Henry James and the Promise of Fiction

Stuart Burrows

Henry James has long been recognized as one of the most important theorists of the novel. His extensive reflections on fiction, together with his overriding concern with questions of ethics, explains why his work is of such of importance to contemporary novelists, such as Rachel Cusk, Maggie Nelson, and Ali Smith. But no critic has as yet attempted to understand the relationship between his ethical vision and his densely metaphorical style, his experiments with narrative time, and his radical reimagining of perspective. Studies of the relationship between literature and morality, in James as in other writers, have focused up until now on questions of plot, on what happens to the characters and how they act toward each other.
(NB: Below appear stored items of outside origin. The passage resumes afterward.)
lemma proper_selector_iff_no_trap:
  fixes \<xi> :: "'s::finite \<Rightarrow> 'm::finite pmf"
  assumes "\<forall>s. G2 s \<noteq> {}"
  shows "proper_selector G1 G2 \<delta> T \<xi> \<longleftrightarrow>
    (\<forall>C. C \<noteq> {} \<longrightarrow> C \<inter> (T \<union> W2 G1 G2 \<delta> T) = {} \<longrightarrow> \<not> trap G2 \<delta> (\<lambda>s. set_pmf (\<xi> s)) C)"
proof
  assume proper: "proper_selector G1 G2 \<delta> T \<xi>"
  show "\<forall>C. C \<noteq> {} \<longrightarrow> C \<inter> (T \<union> W2 G1 G2 \<delta> T) = {} \<longrightarrow> \<not> trap G2 \<delta> (\<lambda>s. set_pmf (\<xi> s)) C"
  proof (intro allI impI notI)
    fix C
    assume "C \<noteq> {}" and disj: "C \<inter> (T \<union> W2 G1 G2 \<delta> T) = {}"
      and C_trap: "trap G2 \<delta> (\<lambda>s. set_pmf (\<xi> s)) C"
    obtain \<pi>2 where "strategy G2 \<pi>2"
      and zero: "\<forall>\<pi>1 s. (\<forall>h. h \<noteq> [] \<longrightarrow> set_pmf (\<pi>1 h) \<subseteq> set_pmf (\<xi> (last h))) \<longrightarrow> s \<in> C
                   \<longrightarrow> reach_prob \<delta> \<pi>1 \<pi>2 (T \<union> W2 G1 G2 \<delta> T) s = 0"
      using ex_trap_strategy[OF C_trap assms disj] by blast
    obtain s where "s \<in> C" using \<open>C \<noteq> {}\<close> by blast
    then have "reach_prob \<delta> (memoryless \<xi>) \<pi>2 (T \<union> W2 G1 G2 \<delta> T) s = 0"
      using zero by (simp add: memoryless_def)
    moreover have "reach_prob \<delta> (memoryless \<xi>) \<pi>2 (T \<union> W2 G1 G2 \<delta> T) s = 1"
      using proper \<open>strategy G2 \<pi>2\<close> \<open>s \<in> C\<close> disj unfolding proper_selector_def proper_def by blast
    ultimately show False by simp
  qed
next
  assume no_trap: "\<forall>C. C \<noteq> {} \<longrightarrow> C \<inter> (T \<union> W2 G1 G2 \<delta> T) = {} \<longrightarrow> \<not> trap G2 \<delta> (\<lambda>s. set_pmf (\<xi> s)) C"
  show "proper_selector G1 G2 \<delta> T \<xi>"
    unfolding proper_selector_def proper_def
  proof (intro allI impI)
    fix \<pi>2 s assume "strategy G2 \<pi>2"
    then show "reach_prob \<delta> (memoryless \<xi>) \<pi>2 (T \<union> W2 G1 G2 \<delta> T) s = 1"
      by (rule reach_prob_eq_1_of_no_trap[OF no_trap])
  qed
qed

lemma val1_eq_0_in_trap:
  fixes G1 G2 :: "'s::finite \<Rightarrow> 'm::finite set"
  assumes "\<forall>s. G1 s \<noteq> {}" and "\<forall>s. G2 s \<noteq> {}"
    and "trap G2 \<delta> G1 C" and "C \<inter> T = {}" and "s \<in> C"
  shows "val1 G1 G2 \<delta> T s = 0"
proof -
  obtain \<pi>2 where "strategy G2 \<pi>2"
    and zero: "\<forall>\<pi>1 s. (\<forall>h. h \<noteq> [] \<longrightarrow> set_pmf (\<pi>1 h) \<subseteq> G1 (last h)) \<longrightarrow> s \<in> C
                 \<longrightarrow> reach_prob \<delta> \<pi>1 \<pi>2 T s = 0"
    using ex_trap_strategy[OF assms(3,2,4)] by blast
  have "val1_strat G2 \<delta> \<pi>1 T s = 0" if "strategy G1 \<pi>1" for \<pi>1
    using val1_strat_le_reach_prob[OF \<open>strategy G2 \<pi>2\<close>, of \<delta> \<pi>1 T s] zero that \<open>s \<in> C\<close>
      val1_strat_nonneg[OF assms(2), of \<delta> \<pi>1 T s]
    by (simp add: strategy_def)
  then have "val1 G1 G2 \<delta> T s = (SUP \<pi>1\<in>{\<pi>. strategy G1 \<pi>}. 0)"
    unfolding val1_def by (intro SUP_cong) auto
  also have "\<dots> = 0" using strategies_nonempty[OF assms(1)] by simp
  finally show ?thesis .
qed

lemma proper_selector_uniform:
  fixes G1 G2 :: "'s::finite \<Rightarrow> 'm::finite set"
  assumes G1_ne: "\<forall>s. G1 s \<noteq> {}" and G2_ne: "\<forall>s. G2 s \<noteq> {}"
  shows "proper_selector G1 G2 \<delta> T (\<lambda>s. pmf_of_set (G1 s))"
  unfolding proper_selector_iff_no_trap[OF G2_ne]
proof (intro allI impI notI)
  fix C
  assume "C \<noteq> {}" and disj: "C \<inter> (T \<union> W2 G1 G2 \<delta> T) = {}"
    and "trap G2 \<delta> (\<lambda>s. set_pmf (pmf_of_set (G1 s))) C"
  then have "trap G2 \<delta> G1 C" using G1_ne by (simp add: set_pmf_of_set)
  moreover have "C \<inter> T = {}" using disj by blast
  ultimately have "C \<subseteq> W2 G1 G2 \<delta> T"
    using val1_eq_0_in_trap[OF G1_ne G2_ne] by (auto simp: W2_def)
  then show False using \<open>C \<noteq> {}\<close> disj by blast
qed

lemma PreAB_return_eq_bind:
  fixes \<delta> :: "'s::finite \<Rightarrow> 'm::finite \<Rightarrow> 'm \<Rightarrow> 's pmf"
  shows "PreAB \<delta> \<xi> (\<lambda>s. return_pmf (b s)) v s = (\<Sum>t\<in>UNIV. pmf (bind_pmf (\<xi> s) (\<lambda>a. \<delta> s a (b s))) t * v t)"
proof -
  have "(\<Sum>b'\<in>UNIV. \<Sum>t\<in>UNIV. v t * pmf (\<delta> s a b') t * pmf (\<xi> s) a * pmf (return_pmf (b s)) b')
      = (\<Sum>b'\<in>UNIV. if b' = b s then \<Sum>t\<in>UNIV. v t * pmf (\<delta> s a b') t * pmf (\<xi> s) a else 0)" for a
    by (intro sum.cong) (auto simp: pmf_return)
  then show ?thesis
    unfolding PreAB_def pmf_bind_eq_sum
    by (simp add: sum.delta' sum_distrib_right mult_ac) (subst sum.swap, simp add: sum_distrib_left)
qed

text \<open>Maximum principle for a function that is subharmonic on a closed class of a Markov chain.\<close>

lemma argmax_closed:
  fixes v :: "'s::finite \<Rightarrow> real"
  assumes "C \<noteq> {}" and closed: "\<forall>s\<in>C. set_pmf (\<mu> s) \<subseteq> C"
    and sub: "\<forall>s\<in>C. v s \<le> (\<Sum>t\<in>UNIV. pmf (\<mu> s) t * v t)"
  obtains C' where "C' \<noteq> {}" and "C' \<subseteq> C"
    and "\<forall>s\<in>C'. set_pmf (\<mu> s) \<subseteq> C' \<and> v s = (\<Sum>t\<in>UNIV. pmf (\<mu> s) t * v t)"
proof -
  define M where "M = Max (v ` C)"
  let ?C' = "{s\<in>C. v s = M}"
  have le_M: "v t \<le> M" if "t \<in> C" for t unfolding M_def using that by simp
  have "M \<in> v ` C" unfolding M_def using \<open>C \<noteq> {}\<close> by (intro Max_in) auto
  then have "?C' \<noteq> {}" by auto
  moreover have "?C' \<subseteq> C" by blast
  moreover have "\<forall>s\<in>?C'. set_pmf (\<mu> s) \<subseteq> ?C' \<and> v s = (\<Sum>t\<in>UNIV. pmf (\<mu> s) t * v t)"
  proof
    fix s assume "s \<in> ?C'"
    then have "s \<in> C" and "v s = M" by auto
    let ?E = "\<Sum>t\<in>UNIV. pmf (\<mu> s) t * v t"
    have nonneg: "0 \<le> pmf (\<mu> s) t * (M - v t)" for t
    proof (cases "t \<in> set_pmf (\<mu> s)")
      case True
      then have "t \<in> C" using closed \<open>s \<in> C\<close> by blast
      then show ?thesis using le_M by simp
    qed (simp add: set_pmf_iff)
    have gap: "(\<Sum>t\<in>UNIV. pmf (\<mu> s) t * (M - v t)) = M - ?E"
      by (simp add: right_diff_distrib sum_subtractf sum_pmf_eq_1 flip: sum_distrib_right)
    have "M \<le> ?E" using sub \<open>s \<in> C\<close> \<open>v s = M\<close> by auto
    moreover have "0 \<le> M - ?E" unfolding gap[symmetric] using nonneg by (rule sum_nonneg)
    ultimately have "M = ?E" and "(\<Sum>t\<in>UNIV. pmf (\<mu> s) t * (M - v t)) = 0"
      using gap by linarith+
    then have zero: "pmf (\<mu> s) t * (M - v t) = 0" for t
      using nonneg by (subst (asm) sum_nonneg_eq_0_iff) auto
    have "v t = M" if "t \<in> set_pmf (\<mu> s)" for t
      using zero[of t] that by (simp add: set_pmf_iff)
    then show "set_pmf (\<mu> s) \<subseteq> ?C' \<and> v s = ?E"
      using closed \<open>s \<in> C\<close> \<open>v s = M\<close> \<open>M = ?E\<close> by blast
  qed
  ultimately show thesis by (rule that)
qed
My study, in contrast, argues that the moral issues raised by a work of fiction are as much a product of its form as of its content. Henry James and the Promise of Fiction proposes that James’s radical experiments with questions of point of view, narrative voice, and metaphor should be viewed as a contribution to ethical thought, a contribution only close reading is able to make evident.

Each chapter of Henry James and the Promise of Fiction focuses on a different aspect of an issue that has long been at the heart of moral philosophy: the act of promising, which I argue functions as the governing trope of James’s work. The question of the promise is central to the thinking of David Hume, Immanuel Kant, Friedrich Nietzsche, and Jacques Derrida, and their competing definitions, denigrations, and dismissals of the promise provide the framework for my readings of James’s fiction. For Hume, the obligation to keep our promises is a product of the imperative to maintain “the climate of trust” essential to the workings of society. Yet as Robert Pippin observes in Henry James and Modern Moral Life (Cambridge, 2000), James’s characters have “little basis even for a minimum trust.” How then can we account of the fact that promises play a key role in so many of James’s stories and novels? I am thinking of the pledge Isabel Archer issues to her step-daughter Pansy that she will “come back” in The Portrait of a Lady; the “vow of blind obedience” sworn by Hyacinth Robinson to a group of anarchists in The Princess Casamassima; the oath Lambert Strether makes to ‘save’ Madame de Vionnet in The Ambassadors; the vow to shield Adam and Maggie Verver from knowledge of their affair taken by the Prince and Charlotte Stant in The Golden Bowl.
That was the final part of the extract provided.